(PROBLEM): What is needed is every line of the material that contains "finite".

________

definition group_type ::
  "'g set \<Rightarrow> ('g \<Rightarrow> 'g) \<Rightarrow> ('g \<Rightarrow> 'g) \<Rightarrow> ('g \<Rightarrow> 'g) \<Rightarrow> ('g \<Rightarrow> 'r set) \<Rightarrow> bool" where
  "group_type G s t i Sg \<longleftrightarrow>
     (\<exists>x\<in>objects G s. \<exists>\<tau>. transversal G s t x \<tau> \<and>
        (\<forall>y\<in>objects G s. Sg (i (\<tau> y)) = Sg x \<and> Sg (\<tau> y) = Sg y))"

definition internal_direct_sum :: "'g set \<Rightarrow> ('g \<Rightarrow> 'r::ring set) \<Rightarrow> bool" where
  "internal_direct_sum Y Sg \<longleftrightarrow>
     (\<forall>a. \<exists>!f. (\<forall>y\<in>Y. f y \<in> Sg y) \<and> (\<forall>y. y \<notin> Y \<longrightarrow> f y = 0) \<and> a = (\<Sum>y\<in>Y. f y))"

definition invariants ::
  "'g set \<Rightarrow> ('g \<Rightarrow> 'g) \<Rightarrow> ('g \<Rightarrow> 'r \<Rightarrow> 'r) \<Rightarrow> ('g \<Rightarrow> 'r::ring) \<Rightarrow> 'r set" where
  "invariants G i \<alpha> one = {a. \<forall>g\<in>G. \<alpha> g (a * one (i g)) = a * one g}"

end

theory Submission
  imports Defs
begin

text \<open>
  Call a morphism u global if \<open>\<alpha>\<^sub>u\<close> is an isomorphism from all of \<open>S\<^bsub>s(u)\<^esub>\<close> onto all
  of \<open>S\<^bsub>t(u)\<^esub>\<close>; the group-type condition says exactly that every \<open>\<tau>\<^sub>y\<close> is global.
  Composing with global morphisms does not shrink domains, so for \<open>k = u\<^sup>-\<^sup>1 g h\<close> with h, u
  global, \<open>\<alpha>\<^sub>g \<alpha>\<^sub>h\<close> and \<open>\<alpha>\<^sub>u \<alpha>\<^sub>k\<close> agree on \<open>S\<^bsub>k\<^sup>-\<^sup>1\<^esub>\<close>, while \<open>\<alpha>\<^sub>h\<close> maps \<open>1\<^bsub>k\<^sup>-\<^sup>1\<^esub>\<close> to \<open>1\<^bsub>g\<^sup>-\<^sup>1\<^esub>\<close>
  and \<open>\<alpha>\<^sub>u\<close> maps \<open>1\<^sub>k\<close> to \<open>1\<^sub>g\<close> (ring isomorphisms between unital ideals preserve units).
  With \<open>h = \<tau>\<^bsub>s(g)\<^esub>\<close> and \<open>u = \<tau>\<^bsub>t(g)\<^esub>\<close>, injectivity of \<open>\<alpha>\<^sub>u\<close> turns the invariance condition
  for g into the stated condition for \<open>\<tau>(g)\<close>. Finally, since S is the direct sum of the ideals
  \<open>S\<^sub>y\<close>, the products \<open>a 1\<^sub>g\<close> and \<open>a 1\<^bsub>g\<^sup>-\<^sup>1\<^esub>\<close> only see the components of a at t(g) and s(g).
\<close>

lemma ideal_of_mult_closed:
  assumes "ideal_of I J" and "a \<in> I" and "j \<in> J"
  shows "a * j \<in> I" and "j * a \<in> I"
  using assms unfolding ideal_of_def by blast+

________

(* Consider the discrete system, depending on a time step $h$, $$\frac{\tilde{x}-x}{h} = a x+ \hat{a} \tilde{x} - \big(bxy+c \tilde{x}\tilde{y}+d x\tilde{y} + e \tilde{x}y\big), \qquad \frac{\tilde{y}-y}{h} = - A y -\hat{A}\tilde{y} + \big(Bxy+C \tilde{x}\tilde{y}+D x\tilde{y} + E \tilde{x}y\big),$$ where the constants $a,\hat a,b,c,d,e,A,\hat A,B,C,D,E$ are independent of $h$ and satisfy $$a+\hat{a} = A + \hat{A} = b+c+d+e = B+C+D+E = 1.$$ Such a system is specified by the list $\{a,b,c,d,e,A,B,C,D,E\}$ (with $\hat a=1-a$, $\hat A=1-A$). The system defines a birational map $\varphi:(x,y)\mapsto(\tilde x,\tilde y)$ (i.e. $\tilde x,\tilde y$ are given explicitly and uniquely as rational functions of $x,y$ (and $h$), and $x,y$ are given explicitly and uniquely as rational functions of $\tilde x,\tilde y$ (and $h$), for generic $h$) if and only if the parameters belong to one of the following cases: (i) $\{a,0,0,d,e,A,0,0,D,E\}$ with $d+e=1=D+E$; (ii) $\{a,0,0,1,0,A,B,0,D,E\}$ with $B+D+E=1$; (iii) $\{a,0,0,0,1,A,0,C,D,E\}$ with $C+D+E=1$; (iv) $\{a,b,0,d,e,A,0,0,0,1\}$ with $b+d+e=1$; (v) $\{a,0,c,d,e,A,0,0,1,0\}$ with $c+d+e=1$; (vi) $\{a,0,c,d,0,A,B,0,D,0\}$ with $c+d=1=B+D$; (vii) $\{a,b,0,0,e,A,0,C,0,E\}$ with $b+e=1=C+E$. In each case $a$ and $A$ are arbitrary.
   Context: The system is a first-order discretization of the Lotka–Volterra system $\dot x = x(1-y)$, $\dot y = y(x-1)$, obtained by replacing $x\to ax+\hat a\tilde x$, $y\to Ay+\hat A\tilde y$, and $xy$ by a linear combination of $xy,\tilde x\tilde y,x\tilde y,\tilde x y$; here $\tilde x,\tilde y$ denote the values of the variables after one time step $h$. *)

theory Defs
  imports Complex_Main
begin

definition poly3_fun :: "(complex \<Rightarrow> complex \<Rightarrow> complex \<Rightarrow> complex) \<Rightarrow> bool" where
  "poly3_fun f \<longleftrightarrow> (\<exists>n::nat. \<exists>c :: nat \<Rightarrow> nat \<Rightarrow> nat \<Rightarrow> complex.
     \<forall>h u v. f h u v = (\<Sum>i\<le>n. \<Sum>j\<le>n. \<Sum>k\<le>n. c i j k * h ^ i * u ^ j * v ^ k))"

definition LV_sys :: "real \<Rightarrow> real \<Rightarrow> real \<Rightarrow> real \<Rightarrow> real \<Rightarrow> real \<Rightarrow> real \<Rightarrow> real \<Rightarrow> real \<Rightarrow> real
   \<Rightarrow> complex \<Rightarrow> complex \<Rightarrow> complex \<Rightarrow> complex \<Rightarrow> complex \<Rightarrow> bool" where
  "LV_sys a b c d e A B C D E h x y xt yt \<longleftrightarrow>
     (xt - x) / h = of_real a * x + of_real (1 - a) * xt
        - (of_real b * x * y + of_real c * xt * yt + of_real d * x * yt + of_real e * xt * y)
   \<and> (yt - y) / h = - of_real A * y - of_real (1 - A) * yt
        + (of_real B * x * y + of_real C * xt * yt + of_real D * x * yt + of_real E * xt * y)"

________

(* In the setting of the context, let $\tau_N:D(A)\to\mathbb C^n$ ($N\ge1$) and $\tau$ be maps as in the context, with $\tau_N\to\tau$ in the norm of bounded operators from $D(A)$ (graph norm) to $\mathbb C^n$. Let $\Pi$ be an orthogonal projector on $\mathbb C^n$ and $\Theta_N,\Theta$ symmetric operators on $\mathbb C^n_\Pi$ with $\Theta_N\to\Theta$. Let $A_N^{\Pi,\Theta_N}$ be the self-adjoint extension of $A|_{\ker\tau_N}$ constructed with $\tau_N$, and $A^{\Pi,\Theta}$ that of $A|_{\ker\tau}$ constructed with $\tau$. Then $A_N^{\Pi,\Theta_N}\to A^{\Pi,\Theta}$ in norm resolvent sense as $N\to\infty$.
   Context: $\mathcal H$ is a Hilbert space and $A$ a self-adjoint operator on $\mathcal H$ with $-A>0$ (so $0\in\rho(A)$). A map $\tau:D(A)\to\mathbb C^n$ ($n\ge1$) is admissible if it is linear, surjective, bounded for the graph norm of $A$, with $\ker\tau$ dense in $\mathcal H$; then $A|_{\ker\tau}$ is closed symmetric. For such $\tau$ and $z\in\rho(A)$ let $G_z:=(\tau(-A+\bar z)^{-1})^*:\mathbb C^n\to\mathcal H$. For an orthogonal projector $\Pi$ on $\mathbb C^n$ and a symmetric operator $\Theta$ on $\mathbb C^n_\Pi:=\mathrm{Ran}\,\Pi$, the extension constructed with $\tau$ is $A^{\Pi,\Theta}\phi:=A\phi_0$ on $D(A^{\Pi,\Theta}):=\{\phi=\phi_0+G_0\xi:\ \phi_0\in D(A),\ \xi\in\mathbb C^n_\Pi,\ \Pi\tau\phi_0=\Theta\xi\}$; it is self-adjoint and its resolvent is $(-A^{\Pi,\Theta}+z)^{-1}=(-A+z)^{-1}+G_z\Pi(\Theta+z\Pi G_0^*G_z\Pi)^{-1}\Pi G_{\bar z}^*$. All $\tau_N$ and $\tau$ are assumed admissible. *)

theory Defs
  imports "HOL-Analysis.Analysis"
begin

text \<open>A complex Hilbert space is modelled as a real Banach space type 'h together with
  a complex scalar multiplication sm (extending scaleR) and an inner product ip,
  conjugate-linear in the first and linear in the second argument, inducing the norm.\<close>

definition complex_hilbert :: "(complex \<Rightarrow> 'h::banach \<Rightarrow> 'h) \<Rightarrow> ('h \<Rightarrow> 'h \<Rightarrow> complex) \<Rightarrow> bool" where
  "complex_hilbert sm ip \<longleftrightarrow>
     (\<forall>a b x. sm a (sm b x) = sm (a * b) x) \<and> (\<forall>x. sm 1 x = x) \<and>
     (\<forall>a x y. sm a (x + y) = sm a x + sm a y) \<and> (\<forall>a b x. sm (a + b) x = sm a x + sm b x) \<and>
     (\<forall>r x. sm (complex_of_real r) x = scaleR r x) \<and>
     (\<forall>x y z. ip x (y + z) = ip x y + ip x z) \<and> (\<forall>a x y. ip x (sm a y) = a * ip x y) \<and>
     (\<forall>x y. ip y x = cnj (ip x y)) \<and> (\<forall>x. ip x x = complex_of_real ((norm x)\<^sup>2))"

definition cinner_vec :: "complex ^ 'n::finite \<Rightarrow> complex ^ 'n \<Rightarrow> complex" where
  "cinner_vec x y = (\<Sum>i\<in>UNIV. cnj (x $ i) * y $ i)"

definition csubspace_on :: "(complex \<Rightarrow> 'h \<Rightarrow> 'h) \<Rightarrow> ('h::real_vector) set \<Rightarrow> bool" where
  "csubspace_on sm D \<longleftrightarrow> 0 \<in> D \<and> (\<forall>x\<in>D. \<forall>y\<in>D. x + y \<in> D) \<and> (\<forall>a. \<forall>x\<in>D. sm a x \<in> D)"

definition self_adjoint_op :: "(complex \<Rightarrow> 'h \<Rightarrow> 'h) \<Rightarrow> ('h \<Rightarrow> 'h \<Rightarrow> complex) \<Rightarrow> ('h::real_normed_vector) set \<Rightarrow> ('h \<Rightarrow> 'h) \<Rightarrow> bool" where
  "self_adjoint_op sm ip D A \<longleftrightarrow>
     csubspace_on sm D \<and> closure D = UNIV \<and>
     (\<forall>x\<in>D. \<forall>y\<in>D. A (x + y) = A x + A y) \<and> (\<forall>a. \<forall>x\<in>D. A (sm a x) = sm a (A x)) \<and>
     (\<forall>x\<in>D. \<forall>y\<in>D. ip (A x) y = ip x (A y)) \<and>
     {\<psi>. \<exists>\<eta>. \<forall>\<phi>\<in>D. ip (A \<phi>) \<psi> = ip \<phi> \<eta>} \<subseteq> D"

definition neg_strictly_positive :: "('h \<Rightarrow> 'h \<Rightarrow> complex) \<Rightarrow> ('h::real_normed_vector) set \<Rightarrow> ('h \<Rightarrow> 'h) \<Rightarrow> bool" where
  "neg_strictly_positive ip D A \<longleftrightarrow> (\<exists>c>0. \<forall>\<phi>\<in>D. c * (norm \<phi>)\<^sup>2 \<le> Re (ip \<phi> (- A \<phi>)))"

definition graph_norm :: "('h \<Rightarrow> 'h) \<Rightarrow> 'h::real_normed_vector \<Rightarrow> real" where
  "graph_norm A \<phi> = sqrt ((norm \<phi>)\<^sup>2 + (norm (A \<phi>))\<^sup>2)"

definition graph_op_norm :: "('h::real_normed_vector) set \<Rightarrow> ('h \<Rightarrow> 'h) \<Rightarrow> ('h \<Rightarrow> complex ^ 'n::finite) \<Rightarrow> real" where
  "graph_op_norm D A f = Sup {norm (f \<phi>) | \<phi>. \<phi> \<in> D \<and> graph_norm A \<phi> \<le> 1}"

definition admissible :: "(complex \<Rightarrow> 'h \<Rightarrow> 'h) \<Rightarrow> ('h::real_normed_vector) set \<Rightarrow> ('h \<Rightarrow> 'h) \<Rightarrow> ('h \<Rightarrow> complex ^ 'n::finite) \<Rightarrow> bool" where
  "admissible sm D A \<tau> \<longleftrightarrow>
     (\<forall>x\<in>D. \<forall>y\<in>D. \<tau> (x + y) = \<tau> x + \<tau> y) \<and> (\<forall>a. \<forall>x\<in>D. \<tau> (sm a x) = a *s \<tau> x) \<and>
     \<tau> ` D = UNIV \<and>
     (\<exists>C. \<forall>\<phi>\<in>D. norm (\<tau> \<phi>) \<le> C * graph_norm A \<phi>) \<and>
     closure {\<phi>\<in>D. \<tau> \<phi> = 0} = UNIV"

________

(YOUR SOLUTION):
definition cinner_vec :: "complex ^ 'n::finite \<Rightarrow> complex ^ 'n \<Rightarrow> complex" where
definition graph_op_norm :: "('h::real_normed_vector) set \<Rightarrow> ('h \<Rightarrow> 'h) \<Rightarrow> ('h \<Rightarrow> complex ^ 'n::finite) \<Rightarrow> real" where
definition admissible :: "(complex \<Rightarrow> 'h \<Rightarrow> 'h) \<Rightarrow> ('h::real_normed_vector) set \<Rightarrow> ('h \<Rightarrow> 'h) \<Rightarrow> ('h \<Rightarrow> complex ^ 'n::finite) \<Rightarrow> bool" where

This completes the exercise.